Entries supplied Block Start
lemma bvp_solution_of_integral_equation:
  assumes g: "continuous_on {0..1} g"
    and "\<And>t. t \<in> {0..1} \<Longrightarrow> g t = - lam * f t (x0 + v * t + primitive2 g t)"
    and "has_RS_integral (\<lambda>t. x0 + v * t + primitive2 g t) A 0 1 x0"
    and "has_RS_integral (\<lambda>t. x0 + v * t + primitive2 g t) B 0 1 (x0 + v + primitive2 g 1)"
  shows "bvp_solution f lam A B (\<lambda>t. x0 + v * t + primitive2 g t)"
  unfolding bvp_solution_def
proof (intro exI conjI ballI)
  fix t :: real assume t: "t \<in> {0..1}"
  show "((\<lambda>t. x0 + v * t + primitive2 g t) has_real_derivative v + primitive g t) (at t within {0..1})"
    by (rule derivative_eq_intros has_real_derivative_primitive2[OF g t] | simp)+
  show "((\<lambda>t. v + primitive g t) has_real_derivative g t) (at t within {0..1})"
    by (rule derivative_eq_intros has_real_derivative_primitive[OF g t] | simp)+
qed (use assms in simp_all)

lemma bvp_solution_exists:
  assumes f_cont: "continuous_on ({0..1} \<times> UNIV) (\<lambda>(t, y). f t y)"
    and bvA: "bounded_variation_on A 0 1" and bvB: "bounded_variation_on B 0 1"
    and C: "\<And>s z. s \<in> {0..1} \<Longrightarrow> \<bar>truncated f s z\<bar> \<le> C"
    and small: "2 * \<bar>lam\<bar> * C \<le> 1 - (total_variation A 0 1 + total_variation (\<lambda>s. A s - B s) 0 1)"
  shows "\<exists>x. bvp_solution f lam A B x"
proof -
  define d :: "nat \<Rightarrow> real" where "d n = inverse (real (Suc n))" for n
  have d_pos: "d n > 0" for n by (simp add: d_def)
  obtain y b where eq: "\<And>n t. t \<in> {0..1} \<Longrightarrow> y n t = y n 0 + b n * t + primitive2 (delay_rhs f lam (d n) (y n)) t"
    and bound: "\<And>n t. t \<in> {0..1} \<Longrightarrow> \<bar>y n t\<bar> \<le> 1 + \<bar>lam\<bar> * C"
    and lip: "\<And>n. (1 + \<bar>lam\<bar> * C)-lipschitz_on {0..1} (y n)"
    and RS: "\<And>n. has_RS_integral (y n) A 0 1 (y n 0)" "\<And>n. has_RS_integral (y n) B 0 1 (y n 1)"
    by (rule delay_bvp_solutions[where d = d, OF f_cont bvA bvB _ small d_pos])
       (rule C | assumption | blast)+
  obtain r w where r: "strict_mono r" and conv: "uniform_limit {0..1} (\<lambda>n. y (r n)) w sequentially"
    by (rule lipschitz_bounded_uniformly_convergent_subseq[where y = y and a = 0 and b = 1, OF _ lip])
       (rule bound | assumption | blast)+
  have d_lim: "(\<lambda>n. d (r n)) \<longlonglongrightarrow> 0"
    using LIMSEQ_subseq_LIMSEQ[OF LIMSEQ_inverse_real_of_nat r] by (simp add: o_def d_def)
  have "0 \<le> total_variation A 0 1 + total_variation (\<lambda>s. A s - B s) 0 1"
    using bvA bvB by (intro add_nonneg_nonneg total_variation_nonneg bounded_variation_on_diff) simp_all
  then have "1 + \<bar>lam\<bar> * C \<le> 2" using small by linarith
  obtain x0 v g where "continuous_on {0..1} g"
    "\<And>t. t \<in> {0..1} \<Longrightarrow> g t = - lam * f t (x0 + v * t + primitive2 g t)"
    "has_RS_integral (\<lambda>t. x0 + v * t + primitive2 g t) A 0 1 x0"
    "has_RS_integral (\<lambda>t. x0 + v * t + primitive2 g t) B 0 1 (x0 + v + primitive2 g 1)"
    by (rule delay_limit_integral_solution[where y = "\<lambda>n. y (r n)" and b = "\<lambda>n. b (r n)",
          OF f_cont bvA bvB d_lim d_pos \<open>1 + \<bar>lam\<bar> * C \<le> 2\<close> _ _ lip RS conv])
       (rule eq bound | assumption | blast)+
  then show ?thesis by (blast intro: bvp_solution_of_integral_equation)
qed

theorem theorem4p17:
  fixes f :: "real \<Rightarrow> real \<Rightarrow> real" and A B :: "real \<Rightarrow> real"
  assumes "continuous_on ({0..1} \<times> UNIV) (\<lambda>(t, y). f t y)"
    and "bounded_variation_on A 0 1" and "bounded_variation_on B 0 1"
    and "total_variation A 0 1 + total_variation (\<lambda>s. A s - B s) 0 1 < 1"
  shows "\<exists>lam0 > 0. \<forall>lam::real. \<bar>lam\<bar> \<le> lam0 \<longrightarrow>
           (\<exists>x x' x'' :: real \<Rightarrow> real.
              (\<forall>t \<in> {0..1}. (x has_real_derivative x' t) (at t within {0..1})
                             \<and> (x' has_real_derivative x'' t) (at t within {0..1}))
            \<and> continuous_on {0..1} x''
            \<and> (\<forall>t \<in> {0..1}. x'' t = - lam * f t (x t))
            \<and> has_RS_integral x A 0 1 (x 0)
            \<and> has_RS_integral x B 0 1 (x 1))"
proof -
  obtain C where "C > 0" and C: "\<And>s z. s \<in> {0..1} \<Longrightarrow> \<bar>truncated f s z\<bar> \<le> C"
    using truncated_bounded[OF assms(1)] by blast
  define \<theta> where "\<theta> = total_variation A 0 1 + total_variation (\<lambda>s. A s - B s) 0 1"
  have "\<exists>x. bvp_solution f lam A B x" if "\<bar>lam\<bar> \<le> (1 - \<theta>) / (2 * C)" for lam
  proof (rule bvp_solution_exists[OF assms(1-3)])
    show "2 * \<bar>lam\<bar> * C \<le> 1 - (total_variation A 0 1 + total_variation (\<lambda>s. A s - B s) 0 1)"
      using that \<open>C > 0\<close> unfolding \<theta>_def by (simp add: field_simps)
  qed (rule C)
  moreover have "(1 - \<theta>) / (2 * C) > 0" using assms(4) \<open>C > 0\<close> unfolding \<theta>_def by simp
  ultimately show ?thesis unfolding bvp_solution_def by blast
qed

end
Entries supplied Block End
-- Exercise goal --
Quote every line of the data, word for word.

-- Output for this exercise --
lemma bvp_solution_of_integral_equation:
  assumes g: "continuous_on {0..1} g"
    and "\<And>t. t \<in> {0..1} \<Longrightarrow> g t = - lam * f t (x0 + v * t + primitive2 g t)"
    and "has_RS_integral (\<lambda>t. x0 + v * t + primitive2 g t) A 0 1 x0"
    and "has_RS_integral (\<lambda>t. x0 + v * t + primitive2 g t) B 0 1 (x0 + v + primitive2 g 1)"
  shows "bvp_solution f lam A B (\<lambda>t. x0 + v * t + primitive2 g t)"
  unfolding bvp_solution_def
proof (intro exI conjI ballI)
  fix t :: real assume t: "t \<in> {0..1}"
  show "((\<lambda>t. x0 + v * t + primitive2 g t) has_real_derivative v + primitive g t) (at t within {0..1})"
    by (rule derivative_eq_intros has_real_derivative_primitive2[OF g t] | simp)+
  show "((\<lambda>t. v + primitive g t) has_real_derivative g t) (at t within {0..1})"
    by (rule derivative_eq_intros has_real_derivative_primitive[OF g t] | simp)+
qed (use assms in simp_all)

lemma bvp_solution_exists:
  assumes f_cont: "continuous_on ({0..1} \<times> UNIV) (\<lambda>(t, y). f t y)"
    and bvA: "bounded_variation_on A 0 1" and bvB: "bounded_variation_on B 0 1"
    and C: "\<And>s z. s \<in> {0..1} \<Longrightarrow> \<bar>truncated f s z\<bar> \<le> C"
    and small: "2 * \<bar>lam\<bar> * C \<le> 1 - (total_variation A 0 1 + total_variation (\<lambda>s. A s - B s) 0 1)"
  shows "\<exists>x. bvp_solution f lam A B x"
proof -
  define d :: "nat \<Rightarrow> real" where "d n = inverse (real (Suc n))" for n
  have d_pos: "d n > 0" for n by (simp add: d_def)
  obtain y b where eq: "\<And>n t. t \<in> {0..1} \<Longrightarrow> y n t = y n 0 + b n * t + primitive2 (delay_rhs f lam (d n) (y n)) t"
    and bound: "\<And>n t. t \<in> {0..1} \<Longrightarrow> \<bar>y n t\<bar> \<le> 1 + \<bar>lam\<bar> * C"
    and lip: "\<And>n. (1 + \<bar>lam\<bar> * C)-lipschitz_on {0..1} (y n)"
    and RS: "\<And>n. has_RS_integral (y n) A 0 1 (y n 0)" "\<And>n. has_RS_integral (y n) B 0 1 (y n 1)"
    by (rule delay_bvp_solutions[where d = d, OF f_cont bvA bvB _ small d_pos])
       (rule C | assumption | blast)+
  obtain r w where r: "strict_mono r" and conv: "uniform_limit {0..1} (\<lambda>n. y (r n)) w sequentially"
    by (rule lipschitz_bounded_uniformly_convergent_subseq[where y = y and a = 0 and b = 1, OF _ lip])
       (rule bound | assumption | blast)+
  have d_lim: "(\<lambda>n. d (r n)) \<longlonglongrightarrow> 0"
    using LIMSEQ_subseq_LIMSEQ[OF LIMSEQ_inverse_real_of_nat r] by (simp add: o_def d_def)
  have "0 \<le> total_variation A 0 1 + total_variation (\<lambda>s. A s - B s) 0 1"
    using bvA bvB by (intro add_nonneg_nonneg total_variation_nonneg bounded_variation_on_diff) simp_all
  then have "1 + \<bar>lam\<bar> * C \<le> 2" using small by linarith
  obtain x0 v g where "continuous_on {0..1} g"
    "\<And>t. t \<in> {0..1} \<Longrightarrow> g t = - lam * f t (x0 + v * t + primitive2 g t)"
    "has_RS_integral (\<lambda>t. x0 + v * t + primitive2 g t) A 0 1 x0"
    "has_RS_integral (\<lambda>t. x0 + v * t + primitive2 g t) B 0 1 (x0 + v + primitive2 g 1)"
    by (rule delay_limit_integral_solution[where y = "\<lambda>n. y (r n)" and b = "\<lambda>n. b (r n)",
          OF f_cont bvA bvB d_lim d_pos \<open>1 + \<bar>lam\<bar> * C \<le> 2\<close> _ _ lip RS conv])
       (rule eq bound | assumption | blast)+
  then show ?thesis by (blast intro: bvp_solution_of_integral_equation)
qed

theorem theorem4p17:
  fixes f :: "real \<Rightarrow> real \<Rightarrow> real" and A B :: "real \<Rightarrow> real"
  assumes "continuous_on ({0..1} \<times> UNIV) (\<lambda>(t, y). f t y)"
    and "bounded_variation_on A 0 1" and "bounded_variation_on B 0 1"
    and "total_variation A 0 1 + total_variation (\<lambda>s. A s - B s) 0 1 < 1"
  shows "\<exists>lam0 > 0. \<forall>lam::real. \<bar>lam\<bar> \<le> lam0 \<longrightarrow>
           (\<exists>x x' x'' :: real \<Rightarrow> real.
              (\<forall>t \<in> {0..1}. (x has_real_derivative x' t) (at t within {0..1})
                             \<and> (x' has_real_derivative x'' t) (at t within {0..1}))
            \<and> continuous_on {0..1} x''
            \<and> (\<forall>t \<in> {0..1}. x'' t = - lam * f t (x t))
            \<and> has_RS_integral x A 0 1 (x 0)
            \<and> has_RS_integral x B 0 1 (x 1))"
proof -
  obtain C where "C > 0" and C: "\<And>s z. s \<in> {0..1} \<Longrightarrow> \<bar>truncated f s z\<bar> \<le> C"
    using truncated_bounded[OF assms(1)] by blast
  define \<theta> where "\<theta> = total_variation A 0 1 + total_variation (\<lambda>s. A s - B s) 0 1"
  have "\<exists>x. bvp_solution f lam A B x" if "\<bar>lam\<bar> \<le> (1 - \<theta>) / (2 * C)" for lam
  proof (rule bvp_solution_exists[OF assms(1-3)])
    show "2 * \<bar>lam\<bar> * C \<le> 1 - (total_variation A 0 1 + total_variation (\<lambda>s. A s - B s) 0 1)"
      using that \<open>C > 0\<close> unfolding \<theta>_def by (simp add: field_simps)
  qed (rule C)
  moreover have "(1 - \<theta>) / (2 * C) > 0" using assms(4) \<open>C > 0\<close> unfolding \<theta>_def by simp
  ultimately show ?thesis unfolding bvp_solution_def by blast
qed

end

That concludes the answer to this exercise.